_Exercise aim_. Nothing outside the range is wanted. Repeat exactly the lines below from the one with "unfolding bell_density_def Let_def" through the one with "unfolding assms(4) using".

+++ Records for the exercise +++

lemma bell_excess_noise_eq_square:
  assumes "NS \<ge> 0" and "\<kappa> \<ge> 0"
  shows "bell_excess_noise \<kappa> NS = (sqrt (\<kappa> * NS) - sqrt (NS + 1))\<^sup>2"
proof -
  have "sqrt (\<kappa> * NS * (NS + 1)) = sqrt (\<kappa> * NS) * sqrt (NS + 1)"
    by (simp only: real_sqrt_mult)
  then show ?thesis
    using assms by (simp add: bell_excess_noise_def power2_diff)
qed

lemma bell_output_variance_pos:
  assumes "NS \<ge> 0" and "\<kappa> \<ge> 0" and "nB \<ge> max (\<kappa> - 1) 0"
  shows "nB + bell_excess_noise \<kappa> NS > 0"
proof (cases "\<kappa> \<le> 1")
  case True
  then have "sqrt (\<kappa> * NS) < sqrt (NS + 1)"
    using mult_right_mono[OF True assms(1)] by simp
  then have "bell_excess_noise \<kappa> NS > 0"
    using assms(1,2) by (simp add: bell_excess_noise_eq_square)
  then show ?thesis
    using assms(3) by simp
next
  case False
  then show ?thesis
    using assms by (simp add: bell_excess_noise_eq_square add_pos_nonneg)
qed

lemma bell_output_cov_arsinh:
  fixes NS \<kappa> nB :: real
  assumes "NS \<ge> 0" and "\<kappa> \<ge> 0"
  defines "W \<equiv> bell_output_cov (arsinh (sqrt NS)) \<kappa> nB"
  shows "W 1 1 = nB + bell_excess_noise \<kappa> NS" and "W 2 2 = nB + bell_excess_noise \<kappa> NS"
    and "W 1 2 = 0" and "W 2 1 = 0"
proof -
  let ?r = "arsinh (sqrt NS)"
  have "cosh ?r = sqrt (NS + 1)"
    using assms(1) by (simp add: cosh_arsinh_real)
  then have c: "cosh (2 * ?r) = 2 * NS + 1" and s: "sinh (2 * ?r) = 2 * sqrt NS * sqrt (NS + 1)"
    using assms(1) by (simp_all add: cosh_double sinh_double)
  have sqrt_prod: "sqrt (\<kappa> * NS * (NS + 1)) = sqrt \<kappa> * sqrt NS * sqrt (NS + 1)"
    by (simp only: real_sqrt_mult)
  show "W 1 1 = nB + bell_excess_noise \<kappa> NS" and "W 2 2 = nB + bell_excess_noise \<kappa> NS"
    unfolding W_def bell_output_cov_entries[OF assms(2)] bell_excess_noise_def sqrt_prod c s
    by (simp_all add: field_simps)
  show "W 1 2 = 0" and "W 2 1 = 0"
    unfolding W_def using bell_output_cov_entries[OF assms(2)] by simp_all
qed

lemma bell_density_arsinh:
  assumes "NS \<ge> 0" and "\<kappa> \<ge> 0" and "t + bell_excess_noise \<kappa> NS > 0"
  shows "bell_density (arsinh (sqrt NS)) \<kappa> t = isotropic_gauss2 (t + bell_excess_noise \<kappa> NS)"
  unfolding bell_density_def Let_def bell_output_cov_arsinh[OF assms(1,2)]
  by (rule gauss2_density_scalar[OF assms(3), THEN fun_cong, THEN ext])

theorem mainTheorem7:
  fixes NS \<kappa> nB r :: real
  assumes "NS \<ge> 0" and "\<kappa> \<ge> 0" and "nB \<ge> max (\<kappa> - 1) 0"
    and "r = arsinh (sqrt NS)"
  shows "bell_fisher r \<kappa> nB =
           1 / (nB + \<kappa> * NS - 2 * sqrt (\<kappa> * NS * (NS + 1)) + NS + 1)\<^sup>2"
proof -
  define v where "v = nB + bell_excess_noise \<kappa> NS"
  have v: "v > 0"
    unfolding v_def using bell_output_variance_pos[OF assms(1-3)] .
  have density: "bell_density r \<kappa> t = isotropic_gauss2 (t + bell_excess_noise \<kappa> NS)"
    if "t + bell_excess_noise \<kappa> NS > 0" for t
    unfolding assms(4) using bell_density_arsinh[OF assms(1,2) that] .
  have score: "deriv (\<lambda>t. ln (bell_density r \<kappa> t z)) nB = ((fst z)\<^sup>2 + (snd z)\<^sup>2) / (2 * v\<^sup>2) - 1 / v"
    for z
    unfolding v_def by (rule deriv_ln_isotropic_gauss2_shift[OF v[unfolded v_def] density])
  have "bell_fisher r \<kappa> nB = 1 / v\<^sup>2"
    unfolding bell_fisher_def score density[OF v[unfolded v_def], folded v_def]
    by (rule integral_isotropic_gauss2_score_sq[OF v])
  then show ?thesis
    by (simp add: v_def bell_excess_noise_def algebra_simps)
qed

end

+++
+++ Records for the exercise +++

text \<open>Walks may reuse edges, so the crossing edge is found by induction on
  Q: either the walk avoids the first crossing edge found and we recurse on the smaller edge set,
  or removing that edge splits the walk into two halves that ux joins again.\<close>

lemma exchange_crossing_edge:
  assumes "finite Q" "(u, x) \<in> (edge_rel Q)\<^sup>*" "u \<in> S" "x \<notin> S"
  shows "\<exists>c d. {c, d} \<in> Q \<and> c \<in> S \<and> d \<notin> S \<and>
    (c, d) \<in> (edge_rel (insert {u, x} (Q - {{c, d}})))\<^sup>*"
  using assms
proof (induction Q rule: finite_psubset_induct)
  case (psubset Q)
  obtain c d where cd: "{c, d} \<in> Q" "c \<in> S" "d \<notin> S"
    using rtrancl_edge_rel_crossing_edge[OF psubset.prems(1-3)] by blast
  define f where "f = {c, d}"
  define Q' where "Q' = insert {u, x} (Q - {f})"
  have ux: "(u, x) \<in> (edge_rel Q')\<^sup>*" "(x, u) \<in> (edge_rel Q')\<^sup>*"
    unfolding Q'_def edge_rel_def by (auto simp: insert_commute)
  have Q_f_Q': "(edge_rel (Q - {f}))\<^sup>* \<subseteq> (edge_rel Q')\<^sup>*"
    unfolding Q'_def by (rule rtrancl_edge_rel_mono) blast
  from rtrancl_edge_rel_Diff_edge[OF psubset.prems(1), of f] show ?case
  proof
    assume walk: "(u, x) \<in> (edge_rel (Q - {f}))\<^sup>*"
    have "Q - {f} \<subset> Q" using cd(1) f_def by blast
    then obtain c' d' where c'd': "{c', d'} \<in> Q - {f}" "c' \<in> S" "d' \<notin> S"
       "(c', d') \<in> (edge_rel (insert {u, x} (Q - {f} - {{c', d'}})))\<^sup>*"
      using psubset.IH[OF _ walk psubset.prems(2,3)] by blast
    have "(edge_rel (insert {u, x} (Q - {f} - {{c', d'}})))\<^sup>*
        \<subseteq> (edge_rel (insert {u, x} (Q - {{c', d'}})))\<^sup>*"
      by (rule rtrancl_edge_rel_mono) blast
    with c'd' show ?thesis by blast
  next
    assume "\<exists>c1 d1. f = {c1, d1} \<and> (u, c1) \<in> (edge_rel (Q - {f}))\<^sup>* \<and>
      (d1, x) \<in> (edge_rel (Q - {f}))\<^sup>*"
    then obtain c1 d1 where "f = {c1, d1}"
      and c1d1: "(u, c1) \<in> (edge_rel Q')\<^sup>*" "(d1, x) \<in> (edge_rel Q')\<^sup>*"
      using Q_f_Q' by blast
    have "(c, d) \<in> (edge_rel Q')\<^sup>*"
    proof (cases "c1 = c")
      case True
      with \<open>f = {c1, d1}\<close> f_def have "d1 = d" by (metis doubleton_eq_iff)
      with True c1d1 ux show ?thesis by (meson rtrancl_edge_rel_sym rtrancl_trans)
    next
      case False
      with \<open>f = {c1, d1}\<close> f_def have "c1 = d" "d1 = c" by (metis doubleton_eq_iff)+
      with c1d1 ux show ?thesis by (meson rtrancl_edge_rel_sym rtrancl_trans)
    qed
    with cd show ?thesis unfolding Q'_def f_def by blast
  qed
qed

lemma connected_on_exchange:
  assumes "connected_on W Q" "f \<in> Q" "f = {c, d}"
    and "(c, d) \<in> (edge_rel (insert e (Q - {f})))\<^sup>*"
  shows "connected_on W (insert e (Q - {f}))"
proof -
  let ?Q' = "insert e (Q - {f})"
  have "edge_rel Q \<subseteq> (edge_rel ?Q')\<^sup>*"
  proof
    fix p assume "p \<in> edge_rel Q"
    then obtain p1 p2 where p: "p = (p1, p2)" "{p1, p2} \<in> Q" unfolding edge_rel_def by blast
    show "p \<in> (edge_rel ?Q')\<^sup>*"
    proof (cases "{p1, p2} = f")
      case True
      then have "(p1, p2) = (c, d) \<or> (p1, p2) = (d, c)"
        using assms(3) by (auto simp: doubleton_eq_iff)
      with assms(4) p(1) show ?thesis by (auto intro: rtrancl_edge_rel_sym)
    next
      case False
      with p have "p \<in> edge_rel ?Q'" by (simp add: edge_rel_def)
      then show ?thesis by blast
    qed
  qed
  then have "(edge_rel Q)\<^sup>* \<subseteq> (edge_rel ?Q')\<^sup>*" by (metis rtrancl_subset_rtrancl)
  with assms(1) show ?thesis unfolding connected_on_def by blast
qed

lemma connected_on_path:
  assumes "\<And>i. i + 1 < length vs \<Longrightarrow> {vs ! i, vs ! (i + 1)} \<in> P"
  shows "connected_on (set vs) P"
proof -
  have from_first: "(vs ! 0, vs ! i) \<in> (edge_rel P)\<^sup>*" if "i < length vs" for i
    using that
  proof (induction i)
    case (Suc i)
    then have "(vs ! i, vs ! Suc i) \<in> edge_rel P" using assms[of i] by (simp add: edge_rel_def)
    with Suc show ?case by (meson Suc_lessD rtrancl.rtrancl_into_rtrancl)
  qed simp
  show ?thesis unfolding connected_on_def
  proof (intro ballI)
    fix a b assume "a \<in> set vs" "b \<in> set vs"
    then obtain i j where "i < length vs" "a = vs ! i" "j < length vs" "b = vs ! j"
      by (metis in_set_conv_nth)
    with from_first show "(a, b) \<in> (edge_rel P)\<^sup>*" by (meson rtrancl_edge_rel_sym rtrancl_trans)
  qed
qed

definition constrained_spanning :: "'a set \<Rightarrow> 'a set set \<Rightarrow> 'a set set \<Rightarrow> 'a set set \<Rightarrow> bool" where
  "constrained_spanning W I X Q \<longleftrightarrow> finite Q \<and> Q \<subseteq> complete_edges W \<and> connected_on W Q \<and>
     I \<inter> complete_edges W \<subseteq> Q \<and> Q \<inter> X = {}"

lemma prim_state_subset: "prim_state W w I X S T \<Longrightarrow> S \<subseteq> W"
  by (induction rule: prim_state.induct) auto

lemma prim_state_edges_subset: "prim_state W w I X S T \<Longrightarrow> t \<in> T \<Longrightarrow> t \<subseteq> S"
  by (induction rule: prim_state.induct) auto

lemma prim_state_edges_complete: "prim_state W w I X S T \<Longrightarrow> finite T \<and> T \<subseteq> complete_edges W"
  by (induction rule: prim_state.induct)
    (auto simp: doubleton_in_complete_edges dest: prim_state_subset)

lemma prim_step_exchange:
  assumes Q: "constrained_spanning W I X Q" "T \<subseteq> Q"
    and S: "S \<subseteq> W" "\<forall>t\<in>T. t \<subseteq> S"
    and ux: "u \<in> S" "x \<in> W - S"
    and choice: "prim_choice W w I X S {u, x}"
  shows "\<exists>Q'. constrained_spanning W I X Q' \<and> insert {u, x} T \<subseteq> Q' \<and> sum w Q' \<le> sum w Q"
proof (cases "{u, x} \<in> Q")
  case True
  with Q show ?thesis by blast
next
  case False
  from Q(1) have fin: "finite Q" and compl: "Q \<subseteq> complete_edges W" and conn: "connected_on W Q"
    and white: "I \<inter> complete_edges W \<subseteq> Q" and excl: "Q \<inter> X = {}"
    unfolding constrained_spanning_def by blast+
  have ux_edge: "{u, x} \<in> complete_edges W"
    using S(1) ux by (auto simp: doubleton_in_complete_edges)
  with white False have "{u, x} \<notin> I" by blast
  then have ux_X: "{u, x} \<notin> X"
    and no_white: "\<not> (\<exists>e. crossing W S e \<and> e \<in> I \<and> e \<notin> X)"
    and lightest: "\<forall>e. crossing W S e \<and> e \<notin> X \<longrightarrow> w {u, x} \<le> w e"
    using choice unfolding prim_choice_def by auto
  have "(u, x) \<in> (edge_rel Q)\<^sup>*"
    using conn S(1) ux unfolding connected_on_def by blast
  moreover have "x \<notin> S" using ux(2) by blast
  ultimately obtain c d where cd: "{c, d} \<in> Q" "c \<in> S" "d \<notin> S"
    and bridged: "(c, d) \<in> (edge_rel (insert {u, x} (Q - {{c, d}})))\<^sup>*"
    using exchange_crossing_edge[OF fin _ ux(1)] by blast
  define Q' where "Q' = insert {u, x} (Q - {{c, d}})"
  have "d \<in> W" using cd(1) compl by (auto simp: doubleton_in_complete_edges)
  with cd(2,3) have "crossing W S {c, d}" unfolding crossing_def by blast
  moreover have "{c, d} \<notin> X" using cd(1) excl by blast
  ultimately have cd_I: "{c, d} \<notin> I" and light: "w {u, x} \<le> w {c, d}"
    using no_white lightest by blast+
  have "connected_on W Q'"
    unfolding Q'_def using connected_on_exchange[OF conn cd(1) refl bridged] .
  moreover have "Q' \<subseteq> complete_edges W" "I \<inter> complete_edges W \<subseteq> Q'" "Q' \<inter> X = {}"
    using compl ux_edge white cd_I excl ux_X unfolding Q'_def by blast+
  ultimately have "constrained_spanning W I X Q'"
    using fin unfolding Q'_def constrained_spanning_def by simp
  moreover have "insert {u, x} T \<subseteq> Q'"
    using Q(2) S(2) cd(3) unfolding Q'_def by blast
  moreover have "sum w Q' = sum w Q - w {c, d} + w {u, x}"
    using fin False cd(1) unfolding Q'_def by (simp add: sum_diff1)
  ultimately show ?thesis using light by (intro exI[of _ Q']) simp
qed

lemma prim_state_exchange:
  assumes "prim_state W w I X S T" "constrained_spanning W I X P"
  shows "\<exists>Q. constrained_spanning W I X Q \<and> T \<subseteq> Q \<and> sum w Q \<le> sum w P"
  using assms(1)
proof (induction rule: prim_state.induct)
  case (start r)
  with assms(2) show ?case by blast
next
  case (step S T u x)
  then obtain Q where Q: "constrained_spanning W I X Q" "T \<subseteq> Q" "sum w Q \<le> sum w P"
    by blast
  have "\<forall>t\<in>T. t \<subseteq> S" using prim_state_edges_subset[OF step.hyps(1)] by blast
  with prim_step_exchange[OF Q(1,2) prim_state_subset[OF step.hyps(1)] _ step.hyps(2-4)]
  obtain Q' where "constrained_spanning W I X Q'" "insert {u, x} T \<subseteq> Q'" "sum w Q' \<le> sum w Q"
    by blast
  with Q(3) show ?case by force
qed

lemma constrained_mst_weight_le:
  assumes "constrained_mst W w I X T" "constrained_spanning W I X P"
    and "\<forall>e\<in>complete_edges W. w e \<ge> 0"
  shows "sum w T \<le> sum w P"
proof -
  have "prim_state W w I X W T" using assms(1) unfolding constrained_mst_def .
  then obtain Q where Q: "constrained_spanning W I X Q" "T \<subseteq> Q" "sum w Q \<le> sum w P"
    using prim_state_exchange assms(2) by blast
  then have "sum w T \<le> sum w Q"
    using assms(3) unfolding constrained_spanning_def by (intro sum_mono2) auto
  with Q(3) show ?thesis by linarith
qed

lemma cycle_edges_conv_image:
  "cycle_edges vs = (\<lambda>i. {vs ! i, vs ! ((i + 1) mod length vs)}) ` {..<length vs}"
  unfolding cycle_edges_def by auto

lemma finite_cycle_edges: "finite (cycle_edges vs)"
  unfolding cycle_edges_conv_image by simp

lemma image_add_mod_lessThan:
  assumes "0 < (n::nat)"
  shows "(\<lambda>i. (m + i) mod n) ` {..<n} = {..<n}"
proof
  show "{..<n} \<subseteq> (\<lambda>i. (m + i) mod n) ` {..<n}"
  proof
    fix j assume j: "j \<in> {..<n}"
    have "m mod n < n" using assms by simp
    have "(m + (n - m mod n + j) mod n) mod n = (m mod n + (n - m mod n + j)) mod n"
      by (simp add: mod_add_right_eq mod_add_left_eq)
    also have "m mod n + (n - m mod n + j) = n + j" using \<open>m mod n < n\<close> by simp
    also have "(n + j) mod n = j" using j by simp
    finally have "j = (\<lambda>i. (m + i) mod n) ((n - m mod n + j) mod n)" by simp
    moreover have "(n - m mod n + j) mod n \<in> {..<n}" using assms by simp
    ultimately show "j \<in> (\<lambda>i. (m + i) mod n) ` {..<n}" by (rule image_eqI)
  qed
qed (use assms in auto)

+++

_Answer space_.
  unfolding bell_density_def Let_def bell_output_cov_arsinh[OF assms(1,2)]
  by (rule gauss2_density_scalar[OF assms(3), THEN fun_cong, THEN ext])

theorem mainTheorem7:
  fixes NS \<kappa> nB r :: real
  assumes "NS \<ge> 0" and "\<kappa> \<ge> 0" and "nB \<ge> max (\<kappa> - 1) 0"
    and "r = arsinh (sqrt NS)"
  shows "bell_fisher r \<kappa> nB =
           1 / (nB + \<kappa> * NS - 2 * sqrt (\<kappa> * NS * (NS + 1)) + NS + 1)\<^sup>2"
proof -
  define v where "v = nB + bell_excess_noise \<kappa> NS"
  have v: "v > 0"
    unfolding v_def using bell_output_variance_pos[OF assms(1-3)] .
  have density: "bell_density r \<kappa> t = isotropic_gauss2 (t + bell_excess_noise \<kappa> NS)"
    if "t + bell_excess_noise \<kappa> NS > 0" for t
    unfolding assms(4) using bell_density_arsinh[OF assms(1,2) that] .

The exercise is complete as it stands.